Using the records that appear below, write out exactly the lines from the one with "proof (rule dvd_sum)" through the one with "proof (induction b)", keeping both end lines.

__Extracted records__
*** Begin section ***

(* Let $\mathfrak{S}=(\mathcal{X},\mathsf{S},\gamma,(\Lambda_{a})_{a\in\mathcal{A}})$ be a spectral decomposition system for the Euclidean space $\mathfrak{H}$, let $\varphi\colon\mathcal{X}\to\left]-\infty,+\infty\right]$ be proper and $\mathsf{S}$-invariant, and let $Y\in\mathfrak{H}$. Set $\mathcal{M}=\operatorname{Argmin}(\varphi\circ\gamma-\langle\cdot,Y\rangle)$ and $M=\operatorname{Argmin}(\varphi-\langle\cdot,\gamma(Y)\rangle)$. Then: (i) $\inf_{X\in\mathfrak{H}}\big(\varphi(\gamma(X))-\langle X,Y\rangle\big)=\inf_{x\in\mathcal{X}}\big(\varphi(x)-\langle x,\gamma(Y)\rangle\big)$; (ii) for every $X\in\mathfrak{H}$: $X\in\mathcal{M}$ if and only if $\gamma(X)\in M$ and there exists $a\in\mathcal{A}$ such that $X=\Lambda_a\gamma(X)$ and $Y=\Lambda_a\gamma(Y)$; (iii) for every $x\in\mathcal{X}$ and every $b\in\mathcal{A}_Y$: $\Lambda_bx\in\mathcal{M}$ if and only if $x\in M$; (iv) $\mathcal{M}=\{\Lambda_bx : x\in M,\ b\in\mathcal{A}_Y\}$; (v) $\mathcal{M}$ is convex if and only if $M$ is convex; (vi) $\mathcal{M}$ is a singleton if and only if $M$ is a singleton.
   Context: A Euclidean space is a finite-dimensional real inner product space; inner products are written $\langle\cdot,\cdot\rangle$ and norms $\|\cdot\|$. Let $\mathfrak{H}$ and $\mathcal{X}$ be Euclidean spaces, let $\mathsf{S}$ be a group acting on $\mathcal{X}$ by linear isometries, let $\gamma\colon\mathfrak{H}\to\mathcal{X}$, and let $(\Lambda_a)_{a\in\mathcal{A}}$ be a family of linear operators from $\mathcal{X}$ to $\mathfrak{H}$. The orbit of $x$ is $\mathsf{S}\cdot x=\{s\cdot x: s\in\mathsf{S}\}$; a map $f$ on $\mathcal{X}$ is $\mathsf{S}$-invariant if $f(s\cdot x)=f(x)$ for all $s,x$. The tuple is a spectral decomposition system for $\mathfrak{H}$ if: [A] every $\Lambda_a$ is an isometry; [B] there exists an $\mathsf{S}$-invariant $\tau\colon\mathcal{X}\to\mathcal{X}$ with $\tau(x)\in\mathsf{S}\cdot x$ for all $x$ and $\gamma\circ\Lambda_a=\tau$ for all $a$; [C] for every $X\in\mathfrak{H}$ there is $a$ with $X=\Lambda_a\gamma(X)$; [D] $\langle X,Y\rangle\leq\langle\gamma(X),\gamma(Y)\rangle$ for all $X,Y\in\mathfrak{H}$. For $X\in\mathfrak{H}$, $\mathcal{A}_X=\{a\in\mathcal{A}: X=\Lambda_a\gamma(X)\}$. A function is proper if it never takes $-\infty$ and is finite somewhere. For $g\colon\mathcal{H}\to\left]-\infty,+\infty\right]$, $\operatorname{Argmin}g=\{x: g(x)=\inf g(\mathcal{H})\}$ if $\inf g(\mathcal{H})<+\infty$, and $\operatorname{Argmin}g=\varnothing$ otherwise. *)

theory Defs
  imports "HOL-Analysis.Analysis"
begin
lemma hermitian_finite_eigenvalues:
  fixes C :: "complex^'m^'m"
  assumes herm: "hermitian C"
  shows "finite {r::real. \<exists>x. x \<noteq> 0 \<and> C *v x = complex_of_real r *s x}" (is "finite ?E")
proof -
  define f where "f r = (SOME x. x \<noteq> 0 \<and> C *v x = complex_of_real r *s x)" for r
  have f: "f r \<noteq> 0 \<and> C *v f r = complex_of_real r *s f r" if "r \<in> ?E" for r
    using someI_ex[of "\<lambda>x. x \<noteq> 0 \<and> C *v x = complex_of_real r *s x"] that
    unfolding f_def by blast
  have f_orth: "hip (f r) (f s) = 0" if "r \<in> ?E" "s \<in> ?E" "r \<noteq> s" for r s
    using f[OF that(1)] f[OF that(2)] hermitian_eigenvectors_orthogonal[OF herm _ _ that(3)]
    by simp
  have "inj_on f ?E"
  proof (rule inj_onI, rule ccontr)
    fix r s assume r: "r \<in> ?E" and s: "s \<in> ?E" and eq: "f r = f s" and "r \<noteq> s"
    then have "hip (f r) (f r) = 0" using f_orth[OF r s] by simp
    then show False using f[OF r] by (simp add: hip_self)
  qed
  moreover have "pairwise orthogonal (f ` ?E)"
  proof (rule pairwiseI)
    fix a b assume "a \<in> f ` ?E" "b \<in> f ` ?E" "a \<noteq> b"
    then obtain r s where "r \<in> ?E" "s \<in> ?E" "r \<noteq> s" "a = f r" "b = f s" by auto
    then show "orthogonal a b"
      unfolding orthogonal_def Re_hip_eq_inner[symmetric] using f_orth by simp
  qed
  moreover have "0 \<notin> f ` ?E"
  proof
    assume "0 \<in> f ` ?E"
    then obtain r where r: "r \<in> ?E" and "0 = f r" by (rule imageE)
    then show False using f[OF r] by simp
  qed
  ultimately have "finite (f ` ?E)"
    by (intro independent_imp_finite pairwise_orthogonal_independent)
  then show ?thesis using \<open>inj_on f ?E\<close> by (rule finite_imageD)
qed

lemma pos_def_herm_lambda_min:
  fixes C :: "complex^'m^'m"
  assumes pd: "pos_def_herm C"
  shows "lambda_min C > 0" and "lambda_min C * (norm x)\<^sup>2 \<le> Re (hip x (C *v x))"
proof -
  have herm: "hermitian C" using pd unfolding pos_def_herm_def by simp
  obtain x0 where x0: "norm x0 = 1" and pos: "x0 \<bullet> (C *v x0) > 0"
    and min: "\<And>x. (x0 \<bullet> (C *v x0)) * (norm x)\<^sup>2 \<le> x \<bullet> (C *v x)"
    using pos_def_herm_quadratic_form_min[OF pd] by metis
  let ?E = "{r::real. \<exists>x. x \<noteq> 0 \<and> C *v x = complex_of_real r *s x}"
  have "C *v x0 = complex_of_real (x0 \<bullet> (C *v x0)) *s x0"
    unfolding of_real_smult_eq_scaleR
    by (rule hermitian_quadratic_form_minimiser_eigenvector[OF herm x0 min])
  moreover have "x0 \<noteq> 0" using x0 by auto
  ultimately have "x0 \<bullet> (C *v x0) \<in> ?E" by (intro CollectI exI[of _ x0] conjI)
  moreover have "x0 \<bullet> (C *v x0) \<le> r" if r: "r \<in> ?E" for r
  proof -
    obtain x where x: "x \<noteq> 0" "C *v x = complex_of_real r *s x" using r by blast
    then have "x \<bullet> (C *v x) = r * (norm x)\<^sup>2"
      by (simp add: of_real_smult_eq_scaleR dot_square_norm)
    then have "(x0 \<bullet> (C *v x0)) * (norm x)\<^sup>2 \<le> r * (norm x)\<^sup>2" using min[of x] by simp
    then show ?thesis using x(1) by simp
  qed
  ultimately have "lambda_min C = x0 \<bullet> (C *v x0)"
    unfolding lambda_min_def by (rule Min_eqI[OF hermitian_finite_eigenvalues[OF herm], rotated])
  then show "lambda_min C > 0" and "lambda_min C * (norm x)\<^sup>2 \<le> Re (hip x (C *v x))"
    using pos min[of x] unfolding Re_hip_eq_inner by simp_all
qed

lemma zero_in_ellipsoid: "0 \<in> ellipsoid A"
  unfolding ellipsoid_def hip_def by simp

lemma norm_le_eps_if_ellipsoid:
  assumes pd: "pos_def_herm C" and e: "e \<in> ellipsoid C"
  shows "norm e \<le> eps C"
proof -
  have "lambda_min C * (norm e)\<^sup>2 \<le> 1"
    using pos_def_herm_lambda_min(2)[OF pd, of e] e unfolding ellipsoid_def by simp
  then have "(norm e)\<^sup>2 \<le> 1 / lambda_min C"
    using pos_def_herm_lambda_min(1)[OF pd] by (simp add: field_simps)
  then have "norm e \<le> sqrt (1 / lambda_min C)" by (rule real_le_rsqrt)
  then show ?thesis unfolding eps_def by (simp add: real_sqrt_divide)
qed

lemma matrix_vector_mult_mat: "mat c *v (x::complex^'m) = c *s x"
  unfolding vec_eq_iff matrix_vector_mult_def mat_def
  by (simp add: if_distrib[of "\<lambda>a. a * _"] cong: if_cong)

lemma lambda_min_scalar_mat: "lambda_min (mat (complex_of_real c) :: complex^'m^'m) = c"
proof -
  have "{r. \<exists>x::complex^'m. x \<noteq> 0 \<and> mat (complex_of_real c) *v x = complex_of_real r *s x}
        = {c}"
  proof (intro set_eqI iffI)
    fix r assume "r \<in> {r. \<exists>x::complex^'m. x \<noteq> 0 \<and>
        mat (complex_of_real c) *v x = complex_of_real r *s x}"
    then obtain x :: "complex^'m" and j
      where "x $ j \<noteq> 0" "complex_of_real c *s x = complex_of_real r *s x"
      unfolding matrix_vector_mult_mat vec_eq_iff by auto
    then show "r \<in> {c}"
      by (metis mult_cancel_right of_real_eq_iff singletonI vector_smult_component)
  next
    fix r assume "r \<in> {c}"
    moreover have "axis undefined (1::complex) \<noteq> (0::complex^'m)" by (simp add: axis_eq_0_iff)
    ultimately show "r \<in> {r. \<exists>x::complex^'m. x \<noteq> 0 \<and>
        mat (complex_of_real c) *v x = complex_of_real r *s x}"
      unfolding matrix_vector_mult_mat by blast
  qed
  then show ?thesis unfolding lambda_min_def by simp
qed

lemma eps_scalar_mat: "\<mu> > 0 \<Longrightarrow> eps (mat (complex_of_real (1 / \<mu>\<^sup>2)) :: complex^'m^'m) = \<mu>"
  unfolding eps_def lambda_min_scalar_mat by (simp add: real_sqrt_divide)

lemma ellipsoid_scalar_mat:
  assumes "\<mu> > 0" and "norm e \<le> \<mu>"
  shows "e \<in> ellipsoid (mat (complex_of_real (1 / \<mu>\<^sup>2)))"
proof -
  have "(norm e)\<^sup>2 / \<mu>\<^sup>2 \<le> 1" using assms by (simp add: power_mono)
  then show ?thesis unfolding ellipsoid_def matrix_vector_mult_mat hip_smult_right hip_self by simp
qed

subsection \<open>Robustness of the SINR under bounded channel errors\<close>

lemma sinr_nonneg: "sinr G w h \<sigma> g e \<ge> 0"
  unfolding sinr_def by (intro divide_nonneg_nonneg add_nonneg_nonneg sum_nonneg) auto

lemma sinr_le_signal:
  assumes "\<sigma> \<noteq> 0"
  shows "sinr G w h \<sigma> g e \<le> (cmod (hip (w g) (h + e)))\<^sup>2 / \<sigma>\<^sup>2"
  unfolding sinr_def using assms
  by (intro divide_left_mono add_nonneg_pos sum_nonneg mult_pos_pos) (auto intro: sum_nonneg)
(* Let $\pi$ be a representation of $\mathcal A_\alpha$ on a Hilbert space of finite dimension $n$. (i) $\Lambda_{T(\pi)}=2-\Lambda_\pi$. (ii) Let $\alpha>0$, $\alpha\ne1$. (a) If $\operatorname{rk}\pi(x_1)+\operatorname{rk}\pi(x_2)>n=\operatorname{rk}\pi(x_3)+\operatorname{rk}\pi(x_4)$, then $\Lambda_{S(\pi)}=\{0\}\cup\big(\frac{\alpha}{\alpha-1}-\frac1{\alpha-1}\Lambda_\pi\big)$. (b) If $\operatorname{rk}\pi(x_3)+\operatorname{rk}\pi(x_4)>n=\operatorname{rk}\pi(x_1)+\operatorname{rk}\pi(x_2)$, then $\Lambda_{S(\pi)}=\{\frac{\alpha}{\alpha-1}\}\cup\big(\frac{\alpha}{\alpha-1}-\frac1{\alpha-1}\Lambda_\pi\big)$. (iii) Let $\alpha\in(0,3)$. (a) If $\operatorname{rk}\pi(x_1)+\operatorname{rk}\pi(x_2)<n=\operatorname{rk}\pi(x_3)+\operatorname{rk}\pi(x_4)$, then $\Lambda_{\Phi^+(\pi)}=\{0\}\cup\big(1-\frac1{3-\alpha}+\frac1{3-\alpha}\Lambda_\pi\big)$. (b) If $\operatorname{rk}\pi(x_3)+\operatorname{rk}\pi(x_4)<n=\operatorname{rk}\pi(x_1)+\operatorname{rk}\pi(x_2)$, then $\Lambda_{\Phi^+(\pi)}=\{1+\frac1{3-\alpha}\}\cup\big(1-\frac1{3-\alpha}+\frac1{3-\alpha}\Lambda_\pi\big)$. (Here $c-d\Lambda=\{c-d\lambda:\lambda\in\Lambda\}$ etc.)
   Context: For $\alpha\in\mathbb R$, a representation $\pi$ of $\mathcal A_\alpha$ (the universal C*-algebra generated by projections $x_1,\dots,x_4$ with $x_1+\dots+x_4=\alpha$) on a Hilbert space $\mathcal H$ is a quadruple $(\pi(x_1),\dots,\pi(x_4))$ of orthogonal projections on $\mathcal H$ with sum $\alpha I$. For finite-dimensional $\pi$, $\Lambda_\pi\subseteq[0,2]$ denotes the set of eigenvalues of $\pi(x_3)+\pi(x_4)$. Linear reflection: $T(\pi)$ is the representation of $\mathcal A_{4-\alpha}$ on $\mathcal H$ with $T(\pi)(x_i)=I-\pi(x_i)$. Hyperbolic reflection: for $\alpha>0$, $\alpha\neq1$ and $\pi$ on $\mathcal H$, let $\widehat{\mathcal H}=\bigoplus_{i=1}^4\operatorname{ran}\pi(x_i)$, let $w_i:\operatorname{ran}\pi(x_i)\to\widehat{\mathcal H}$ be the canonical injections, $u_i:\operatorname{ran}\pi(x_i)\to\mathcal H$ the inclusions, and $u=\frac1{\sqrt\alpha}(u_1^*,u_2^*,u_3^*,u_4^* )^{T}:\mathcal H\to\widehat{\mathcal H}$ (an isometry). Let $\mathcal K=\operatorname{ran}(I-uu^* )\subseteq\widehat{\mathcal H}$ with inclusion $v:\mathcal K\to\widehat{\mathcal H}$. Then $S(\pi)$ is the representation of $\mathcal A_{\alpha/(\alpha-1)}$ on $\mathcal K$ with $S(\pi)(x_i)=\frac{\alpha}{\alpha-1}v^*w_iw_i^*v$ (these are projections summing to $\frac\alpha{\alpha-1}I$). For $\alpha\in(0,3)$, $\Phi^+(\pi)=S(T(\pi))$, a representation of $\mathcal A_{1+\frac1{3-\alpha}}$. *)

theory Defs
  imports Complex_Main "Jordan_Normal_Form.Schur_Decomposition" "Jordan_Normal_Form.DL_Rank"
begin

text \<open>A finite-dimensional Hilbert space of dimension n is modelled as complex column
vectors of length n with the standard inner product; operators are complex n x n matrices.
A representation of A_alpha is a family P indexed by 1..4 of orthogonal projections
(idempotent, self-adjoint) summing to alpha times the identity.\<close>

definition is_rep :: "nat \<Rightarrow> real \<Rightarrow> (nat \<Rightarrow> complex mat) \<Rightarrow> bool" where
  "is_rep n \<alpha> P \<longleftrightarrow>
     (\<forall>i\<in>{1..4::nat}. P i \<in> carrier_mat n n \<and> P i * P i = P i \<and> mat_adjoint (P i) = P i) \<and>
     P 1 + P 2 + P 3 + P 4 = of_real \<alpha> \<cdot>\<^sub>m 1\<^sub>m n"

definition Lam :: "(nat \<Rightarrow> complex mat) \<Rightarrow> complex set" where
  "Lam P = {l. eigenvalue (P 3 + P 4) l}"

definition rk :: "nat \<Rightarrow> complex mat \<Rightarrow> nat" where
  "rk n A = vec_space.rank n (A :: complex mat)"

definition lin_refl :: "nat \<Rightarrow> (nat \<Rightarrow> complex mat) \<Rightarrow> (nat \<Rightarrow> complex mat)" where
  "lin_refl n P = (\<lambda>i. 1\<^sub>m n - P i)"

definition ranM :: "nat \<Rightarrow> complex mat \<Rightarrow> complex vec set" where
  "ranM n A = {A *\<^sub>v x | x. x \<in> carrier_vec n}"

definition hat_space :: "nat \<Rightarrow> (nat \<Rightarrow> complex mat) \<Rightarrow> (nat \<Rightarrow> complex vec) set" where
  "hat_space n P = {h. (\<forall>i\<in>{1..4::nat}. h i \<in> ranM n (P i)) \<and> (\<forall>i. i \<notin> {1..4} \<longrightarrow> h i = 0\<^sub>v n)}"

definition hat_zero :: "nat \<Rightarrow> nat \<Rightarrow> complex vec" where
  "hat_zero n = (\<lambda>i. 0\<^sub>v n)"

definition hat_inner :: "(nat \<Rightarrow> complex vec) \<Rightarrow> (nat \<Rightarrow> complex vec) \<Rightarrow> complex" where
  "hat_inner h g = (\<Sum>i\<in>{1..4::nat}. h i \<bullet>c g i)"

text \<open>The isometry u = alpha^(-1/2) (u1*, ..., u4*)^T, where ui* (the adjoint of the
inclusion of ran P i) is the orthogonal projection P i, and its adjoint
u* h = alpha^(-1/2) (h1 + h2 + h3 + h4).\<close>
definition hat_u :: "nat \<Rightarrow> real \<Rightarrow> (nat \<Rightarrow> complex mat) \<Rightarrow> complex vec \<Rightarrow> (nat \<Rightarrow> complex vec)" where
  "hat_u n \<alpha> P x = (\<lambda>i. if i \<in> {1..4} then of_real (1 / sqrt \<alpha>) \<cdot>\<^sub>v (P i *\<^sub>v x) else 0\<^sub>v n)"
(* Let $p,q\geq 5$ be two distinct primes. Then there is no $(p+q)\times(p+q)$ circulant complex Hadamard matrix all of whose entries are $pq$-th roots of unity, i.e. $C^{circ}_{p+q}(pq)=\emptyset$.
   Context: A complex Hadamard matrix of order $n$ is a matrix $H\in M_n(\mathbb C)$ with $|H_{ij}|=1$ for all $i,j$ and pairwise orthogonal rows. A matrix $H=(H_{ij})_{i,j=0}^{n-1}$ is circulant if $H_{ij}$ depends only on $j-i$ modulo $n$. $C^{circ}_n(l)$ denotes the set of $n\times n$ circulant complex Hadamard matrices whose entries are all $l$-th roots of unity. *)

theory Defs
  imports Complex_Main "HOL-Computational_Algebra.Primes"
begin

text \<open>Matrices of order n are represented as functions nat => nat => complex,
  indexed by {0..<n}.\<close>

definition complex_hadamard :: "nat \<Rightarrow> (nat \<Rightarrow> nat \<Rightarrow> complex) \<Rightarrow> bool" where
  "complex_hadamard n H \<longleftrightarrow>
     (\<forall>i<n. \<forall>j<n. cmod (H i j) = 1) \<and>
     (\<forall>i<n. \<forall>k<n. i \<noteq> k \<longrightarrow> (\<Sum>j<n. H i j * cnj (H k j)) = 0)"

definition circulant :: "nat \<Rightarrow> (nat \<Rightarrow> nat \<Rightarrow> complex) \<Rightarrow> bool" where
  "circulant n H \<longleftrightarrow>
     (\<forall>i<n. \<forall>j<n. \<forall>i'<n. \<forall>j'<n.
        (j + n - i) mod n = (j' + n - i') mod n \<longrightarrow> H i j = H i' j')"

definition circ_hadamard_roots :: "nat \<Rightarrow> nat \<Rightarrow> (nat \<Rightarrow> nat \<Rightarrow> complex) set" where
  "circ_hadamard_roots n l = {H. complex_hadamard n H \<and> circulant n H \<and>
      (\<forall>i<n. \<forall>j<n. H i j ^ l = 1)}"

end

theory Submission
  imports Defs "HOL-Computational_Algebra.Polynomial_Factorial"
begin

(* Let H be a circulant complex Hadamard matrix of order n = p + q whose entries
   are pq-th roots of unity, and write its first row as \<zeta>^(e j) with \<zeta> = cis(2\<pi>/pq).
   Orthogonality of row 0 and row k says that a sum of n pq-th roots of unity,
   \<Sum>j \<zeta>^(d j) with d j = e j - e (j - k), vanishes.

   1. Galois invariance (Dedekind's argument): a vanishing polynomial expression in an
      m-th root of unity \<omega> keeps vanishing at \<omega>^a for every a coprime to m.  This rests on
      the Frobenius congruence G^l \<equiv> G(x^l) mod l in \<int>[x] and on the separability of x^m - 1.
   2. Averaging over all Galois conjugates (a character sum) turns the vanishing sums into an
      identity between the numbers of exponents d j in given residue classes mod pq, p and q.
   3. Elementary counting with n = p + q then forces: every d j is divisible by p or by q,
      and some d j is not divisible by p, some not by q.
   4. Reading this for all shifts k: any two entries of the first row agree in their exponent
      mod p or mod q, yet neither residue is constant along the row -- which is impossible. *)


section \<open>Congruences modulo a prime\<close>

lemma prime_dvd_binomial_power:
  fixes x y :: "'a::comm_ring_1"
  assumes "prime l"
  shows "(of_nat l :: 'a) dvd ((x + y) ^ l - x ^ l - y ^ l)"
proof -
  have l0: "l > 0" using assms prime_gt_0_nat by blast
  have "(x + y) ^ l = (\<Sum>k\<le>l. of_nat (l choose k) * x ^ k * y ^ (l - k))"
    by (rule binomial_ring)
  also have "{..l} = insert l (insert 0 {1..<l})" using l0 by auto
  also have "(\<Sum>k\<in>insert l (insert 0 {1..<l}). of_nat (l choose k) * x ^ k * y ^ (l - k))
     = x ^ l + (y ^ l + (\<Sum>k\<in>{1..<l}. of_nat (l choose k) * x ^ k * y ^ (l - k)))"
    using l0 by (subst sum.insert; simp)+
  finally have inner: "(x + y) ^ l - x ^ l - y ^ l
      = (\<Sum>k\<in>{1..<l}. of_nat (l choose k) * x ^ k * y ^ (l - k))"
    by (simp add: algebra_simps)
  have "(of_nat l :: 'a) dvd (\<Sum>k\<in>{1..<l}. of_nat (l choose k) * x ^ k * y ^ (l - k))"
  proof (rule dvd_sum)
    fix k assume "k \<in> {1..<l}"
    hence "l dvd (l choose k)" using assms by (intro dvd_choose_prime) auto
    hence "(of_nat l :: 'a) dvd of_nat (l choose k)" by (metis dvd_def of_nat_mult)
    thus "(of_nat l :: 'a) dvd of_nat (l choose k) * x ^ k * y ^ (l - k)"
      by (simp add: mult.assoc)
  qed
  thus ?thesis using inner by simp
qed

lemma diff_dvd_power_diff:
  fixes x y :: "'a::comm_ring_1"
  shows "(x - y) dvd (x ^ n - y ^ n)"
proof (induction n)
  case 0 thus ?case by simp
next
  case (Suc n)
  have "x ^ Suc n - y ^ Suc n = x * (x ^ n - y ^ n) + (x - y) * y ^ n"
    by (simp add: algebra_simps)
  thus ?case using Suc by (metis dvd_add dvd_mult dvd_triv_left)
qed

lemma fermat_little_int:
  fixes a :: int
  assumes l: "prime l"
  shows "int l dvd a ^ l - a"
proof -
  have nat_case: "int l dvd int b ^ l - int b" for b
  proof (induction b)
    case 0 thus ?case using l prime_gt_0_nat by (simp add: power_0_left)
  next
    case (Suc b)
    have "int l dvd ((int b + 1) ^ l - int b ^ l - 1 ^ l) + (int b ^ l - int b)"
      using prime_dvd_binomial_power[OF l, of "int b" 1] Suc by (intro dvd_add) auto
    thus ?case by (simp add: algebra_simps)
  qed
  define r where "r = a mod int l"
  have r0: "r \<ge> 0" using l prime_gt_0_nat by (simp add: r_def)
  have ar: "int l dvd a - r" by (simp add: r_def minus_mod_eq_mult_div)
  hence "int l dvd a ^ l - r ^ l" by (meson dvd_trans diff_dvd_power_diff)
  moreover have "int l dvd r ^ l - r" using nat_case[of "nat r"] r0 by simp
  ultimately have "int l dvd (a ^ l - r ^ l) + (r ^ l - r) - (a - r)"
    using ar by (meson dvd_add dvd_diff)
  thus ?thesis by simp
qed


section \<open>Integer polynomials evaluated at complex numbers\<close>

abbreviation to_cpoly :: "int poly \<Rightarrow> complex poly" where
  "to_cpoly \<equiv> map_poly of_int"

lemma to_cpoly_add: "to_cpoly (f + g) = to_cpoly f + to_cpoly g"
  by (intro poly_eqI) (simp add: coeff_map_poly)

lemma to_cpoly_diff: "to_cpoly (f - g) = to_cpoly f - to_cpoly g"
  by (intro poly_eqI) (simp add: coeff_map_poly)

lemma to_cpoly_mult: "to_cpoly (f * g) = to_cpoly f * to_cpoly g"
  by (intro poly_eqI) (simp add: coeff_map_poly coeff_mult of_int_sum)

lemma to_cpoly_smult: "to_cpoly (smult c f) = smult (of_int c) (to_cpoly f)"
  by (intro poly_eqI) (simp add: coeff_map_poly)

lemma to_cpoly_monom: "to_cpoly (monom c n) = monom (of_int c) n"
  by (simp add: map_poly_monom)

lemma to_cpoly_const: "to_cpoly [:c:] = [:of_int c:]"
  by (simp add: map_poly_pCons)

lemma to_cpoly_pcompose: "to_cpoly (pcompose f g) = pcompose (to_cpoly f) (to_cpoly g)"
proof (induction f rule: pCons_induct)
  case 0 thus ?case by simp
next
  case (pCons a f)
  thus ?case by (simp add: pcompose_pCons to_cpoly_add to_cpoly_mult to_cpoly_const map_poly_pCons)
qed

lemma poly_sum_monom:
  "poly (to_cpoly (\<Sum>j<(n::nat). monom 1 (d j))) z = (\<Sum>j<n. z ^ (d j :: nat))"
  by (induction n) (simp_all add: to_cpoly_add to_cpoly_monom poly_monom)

*** End section ***

__Answer to this problem__
  proof (rule dvd_sum)
    fix k assume "k \<in> {1..<l}"
    hence "l dvd (l choose k)" using assms by (intro dvd_choose_prime) auto
    hence "(of_nat l :: 'a) dvd of_nat (l choose k)" by (metis dvd_def of_nat_mult)
    thus "(of_nat l :: 'a) dvd of_nat (l choose k) * x ^ k * y ^ (l - k)"
      by (simp add: mult.assoc)
  qed
  thus ?thesis using inner by simp
qed

lemma diff_dvd_power_diff:
  fixes x y :: "'a::comm_ring_1"
  shows "(x - y) dvd (x ^ n - y ^ n)"
proof (induction n)
  case 0 thus ?case by simp
next
  case (Suc n)
  have "x ^ Suc n - y ^ Suc n = x * (x ^ n - y ^ n) + (x - y) * y ^ n"
    by (simp add: algebra_simps)
  thus ?case using Suc by (metis dvd_add dvd_mult dvd_triv_left)
qed

lemma fermat_little_int:
  fixes a :: int
  assumes l: "prime l"
  shows "int l dvd a ^ l - a"
proof -
  have nat_case: "int l dvd int b ^ l - int b" for b
  proof (induction b)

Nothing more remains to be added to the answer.